Extracted records:
lemma gap_zero_unique:
  assumes adm: "admissible G \<sigma> e" and "v > 0" "w > 0" "gap G \<sigma> e v = 0" "gap G \<sigma> e w = 0"
  shows "v = w"
proof -
  \<comment> \<open>both zeros lie in \<open>w + \<sigma> > 0\<close>, where \<open>gap/(w + \<sigma>)\<close> is strictly increasing\<close>
  have less: "gap G \<sigma> e a / (a + \<sigma>) < gap G \<sigma> e b / (b + \<sigma>)" if "a + \<sigma> > 0" "a < b" for a b
    using that DERIV_gap_div_shift_pos[OF adm]
    by (intro DERIV_pos_imp_increasing[OF \<open>a < b\<close>]) (metis add_le_cancel_right order_less_le_trans)
  show ?thesis
    using less[of v w] less[of w v] gap_zero_imp_shift_pos[OF adm] assms by (cases v w rule: linorder_cases) auto
qed

lemma gap_0_neg:
  assumes adm: "admissible G \<sigma> e"
  shows "gap G \<sigma> e 0 < 0"
proof -
  define g where "g = sqrt G"
  have g: "g > 0" "g^2 = G" using admissible_G_pos[OF adm] by (simp_all add: g_def)
  have "((1 - e) * g)^2 < 1" using adm g(2) by (simp add: admissible_def power_mult_distrib)
  then have "(1 - e) * g < 1" by (smt (verit) one_le_power)
  moreover have "gap G \<sigma> e 0 = (1 - e) * G - g" by (simp add: gap_def lquad_def rad_def g_def)
  then have "gap G \<sigma> e 0 = g * ((1 - e) * g - 1)"
    unfolding g(2)[symmetric] by (simp add: power2_eq_square algebra_simps)
  ultimately show ?thesis using g(1) by (simp add: mult_pos_neg)
qed

lemma gap_crossing_root:
  assumes "admissible G \<sigma> e"
  shows "\<exists>w. crossing_root (gap G \<sigma> e) w"
proof (rule crossing_root_exists)
  show "continuous_on {0..} (gap G \<sigma> e)"
    unfolding gap_def lquad_def rad_def by (intro continuous_intros)
  have "filterlim (gap G \<sigma> e) at_top at_top"
    unfolding gap_def lquad_def rad_def by real_asymp
  then show "\<forall>\<^sub>F w in at_top. gap G \<sigma> e w > 0" unfolding filterlim_at_top_dense by blast
qed (use assms gap_0_neg gap_zero_unique in auto)

lemma rcoefC_reciprocal:
  fixes x w :: real
  assumes "x * w = 1"
  shows "rcoefC G \<sigma> e x * w^3
    = 2 * ((w^2 + 2 * \<sigma> * w + G) - (lquad G \<sigma> e w)^2) + w * (lquad G \<sigma> e w * (2 * w + (2 - e) * \<sigma>) - (w + \<sigma>))"
proof -
  have xw: "x^n * w^n = 1" for n by (metis assms power_mult_distrib power_one)
  have "rcoefC G \<sigma> e x * w^3 = 2 * G * (1 - (1 - e)^2 * G) * (x^3 * w^3)
      + 3 * (1 - (2 - e) * (1 - e) * G) * \<sigma> * (x^2 * w^2) * w
      + ((1 - 2 * (1 - e) * G) - (2 - e)^2 * \<sigma>^2) * (x * w) * w^2 - (2 - e) * \<sigma> * w^3"
    unfolding rcoefC_def by algebra
  also have "\<dots> = 2 * ((w^2 + 2 * \<sigma> * w + G) - (lquad G \<sigma> e w)^2)
      + w * (lquad G \<sigma> e w * (2 * w + (2 - e) * \<sigma>) - (w + \<sigma>))"
    unfolding xw assms lquad_def by algebra
  finally show ?thesis .
qed

lemma rcoefC_pos_at_root:
  assumes adm: "admissible G \<sigma> e" and "w > 0" and zero: "gap G \<sigma> e w = 0"
  shows "rcoefC G \<sigma> e (1 / w) > 0"
proof -
  define R where "R = rad G \<sigma> w"
  have R: "R > 0" "R^2 = w^2 + 2 * \<sigma> * w + G" using rad_pos[OF adm] rad_sq[OF adm] by (simp_all add: R_def)
  have L: "lquad G \<sigma> e w = R" using zero by (simp add: gap_def R_def)
  have "(w + \<sigma>) * (R * (2 * w + (2 - e) * \<sigma>) - (w + \<sigma>)) > 0"
    using gap_shift_identity[OF R(2), of e] rad_cubic_pos[OF adm, of R] rad_sq_ge[OF adm, of w] R(1)
    unfolding L R_def[symmetric] by simp
  then have "R * (2 * w + (2 - e) * \<sigma>) - (w + \<sigma>) > 0"
    using gap_zero_imp_shift_pos[OF assms] by (simp add: zero_less_mult_iff)
  moreover have "rcoefC G \<sigma> e (1 / w) * w^3 = w * (R * (2 * w + (2 - e) * \<sigma>) - (w + \<sigma>))"
    using rcoefC_reciprocal[of "1 / w" w G \<sigma> e] \<open>w > 0\<close> unfolding L R(2)[symmetric] by simp
  ultimately show ?thesis using \<open>w > 0\<close> by (smt (verit) zero_less_mult_iff zero_less_power)
qed

definition rroot :: "real \<Rightarrow> real \<Rightarrow> real \<Rightarrow> real" where
  "rroot G \<sigma> e = (THE x. x > 0 \<and> rquartic G \<sigma> e x = 0)"

lemma rroot_crossing_root:
  assumes adm: "admissible G \<sigma> e"
  shows "crossing_root (rquartic G \<sigma> e) (rroot G \<sigma> e)" and "rcoefC G \<sigma> e (rroot G \<sigma> e) > 0"
proof -
  obtain w where w: "crossing_root (gap G \<sigma> e) w" using gap_crossing_root[OF adm] ..
  have root: "crossing_root (rquartic G \<sigma> e) (1 / w)"
    using w sgn_rquartic_reciprocal[OF adm] by (rule crossing_root_reciprocal)
  then have "rroot G \<sigma> e = 1 / w" unfolding rroot_def by (rule the_crossing_root)
  then show "crossing_root (rquartic G \<sigma> e) (rroot G \<sigma> e)" using root by simp
  have "w > 0" "gap G \<sigma> e w = 0" using w crossing_root_zero[OF w] by (auto simp: crossing_root_def)
  then show "rcoefC G \<sigma> e (rroot G \<sigma> e) > 0"
    using rcoefC_pos_at_root[OF adm] \<open>rroot G \<sigma> e = 1 / w\<close> by simp
qed

section \<open>Derivatives of \<open>\<phi>\<close>\<close>

lemma quartic_eq_rquartic: "quartic gb eta t s = rquartic (gb^2 * t) (gb * s) eta"
  by (simp add: fun_eq_iff quartic_def rquartic_def Let_def power_mult_distrib)

lemma coefC_eq_rcoefC: "coefC gb eta t s = rcoefC (gb^2 * t) (gb * s) eta"
  by (simp add: fun_eq_iff coefC_def rcoefC_def Let_def power_mult_distrib)

lemma phi_eq_rroot: "phi gb eta t s = rroot (gb^2 * t) (gb * s) eta"
  by (simp add: phi_def rroot_def quartic_eq_rquartic)

definition rquartic_divdiff :: "real \<Rightarrow> real \<Rightarrow> real \<Rightarrow> real \<Rightarrow> real \<Rightarrow> real" where
  "rquartic_divdiff G \<sigma> e x0 x = G * (1 - (1 - e)^2 * G) * (x^3 + x^2 * x0 + x * x0^2 + x0^3)
     + 2 * (1 - (2 - e) * (1 - e) * G) * \<sigma> * (x^2 + x * x0 + x0^2)
     + (1 - 2 * (1 - e) * G - (2 - e)^2 * \<sigma>^2) * (x + x0) - 2 * (2 - e) * \<sigma>"

lemma rquartic_diff: "rquartic G \<sigma> e x - rquartic G \<sigma> e x0 = (x - x0) * rquartic_divdiff G \<sigma> e x0 x"
  unfolding rquartic_def rquartic_divdiff_def by algebra

lemma rquartic_divdiff_diag: "rquartic_divdiff G \<sigma> e x0 x0 = 2 * rcoefC G \<sigma> e x0"
  unfolding rcoefC_def rquartic_divdiff_def by algebra

lemma DERIV_rroot_along:
  fixes Gc \<sigma>c :: "real \<Rightarrow> real" and A :: "real \<Rightarrow> real \<Rightarrow> real"
  assumes adm: "admissible (Gc z0) (\<sigma>c z0) e" and contG: "isCont Gc z0" and cont\<sigma>: "isCont \<sigma>c z0"
    and split: "\<And>z x. rquartic (Gc z) (\<sigma>c z) e x - rquartic (Gc z0) (\<sigma>c z0) e x = (z - z0) * A z x"
    and contA: "\<And>p. isCont (\<lambda>(z, x). A z x) p"
  shows "((\<lambda>z. rroot (Gc z) (\<sigma>c z) e) has_real_derivative
           - A z0 (rroot (Gc z0) (\<sigma>c z0) e) / (2 * rcoefC (Gc z0) (\<sigma>c z0) e (rroot (Gc z0) (\<sigma>c z0) e)))
         (at z0)"
proof -
  define X where "X z = rroot (Gc z) (\<sigma>c z) e" for z
  have roots: "\<forall>\<^sub>F z in nhds z0. crossing_root (rquartic (Gc z) (\<sigma>c z) e) (X z)"
    using eventually_admissible[OF adm contG cont\<sigma>]
    by eventually_elim (simp add: X_def rroot_crossing_root)
  have contX: "isCont X z0"
    using roots by (rule isCont_crossing_root)
      (use contG cont\<sigma> in \<open>unfold rquartic_def, intro continuous_intros\<close>)
  have "\<forall>\<^sub>F z in nhds z0. rquartic (Gc z) (\<sigma>c z) e (X z) = 0"
    using roots by eventually_elim (rule crossing_root_zero)
  moreover have "isCont (\<lambda>z. (z, X z)) z0" using contX by (intro continuous_intros)
  then have "isCont (\<lambda>z. A z (X z)) z0" using isCont_o2 contA by fastforce
  moreover have "isCont (rquartic_divdiff (Gc z0) (\<sigma>c z0) e (X z0)) (X z0)"
    unfolding rquartic_divdiff_def by (intro continuous_intros)
  moreover have "rquartic_divdiff (Gc z0) (\<sigma>c z0) e (X z0) (X z0) \<noteq> 0"
    using rroot_crossing_root(2)[OF adm] by (simp add: rquartic_divdiff_diag X_def)
  ultimately have "(X has_real_derivative
      - A z0 (X z0) / rquartic_divdiff (Gc z0) (\<sigma>c z0) e (X z0) (X z0)) (at z0)"
    using contX split rquartic_diff by (intro DERIV_implicit) auto
  then show ?thesis by (simp add: X_def[abs_def] rquartic_divdiff_diag)
qed

definition phi1_num :: "real \<Rightarrow> real \<Rightarrow> real \<Rightarrow> real \<Rightarrow> real \<Rightarrow> real" where
  "phi1_num gb eta t s x = gb^2 * ((1 - eta) * coefB gb eta t s x - eta * x^2) * x^2"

Requirement: All lines in the records with the string "ultimately" should be copied out.

Task response:
  ultimately show ?thesis using g(1) by (simp add: mult_pos_neg)
  ultimately show ?thesis using \<open>w > 0\<close> by (smt (verit) zero_less_mult_iff zero_less_power)
  ultimately have "(X has_real_derivative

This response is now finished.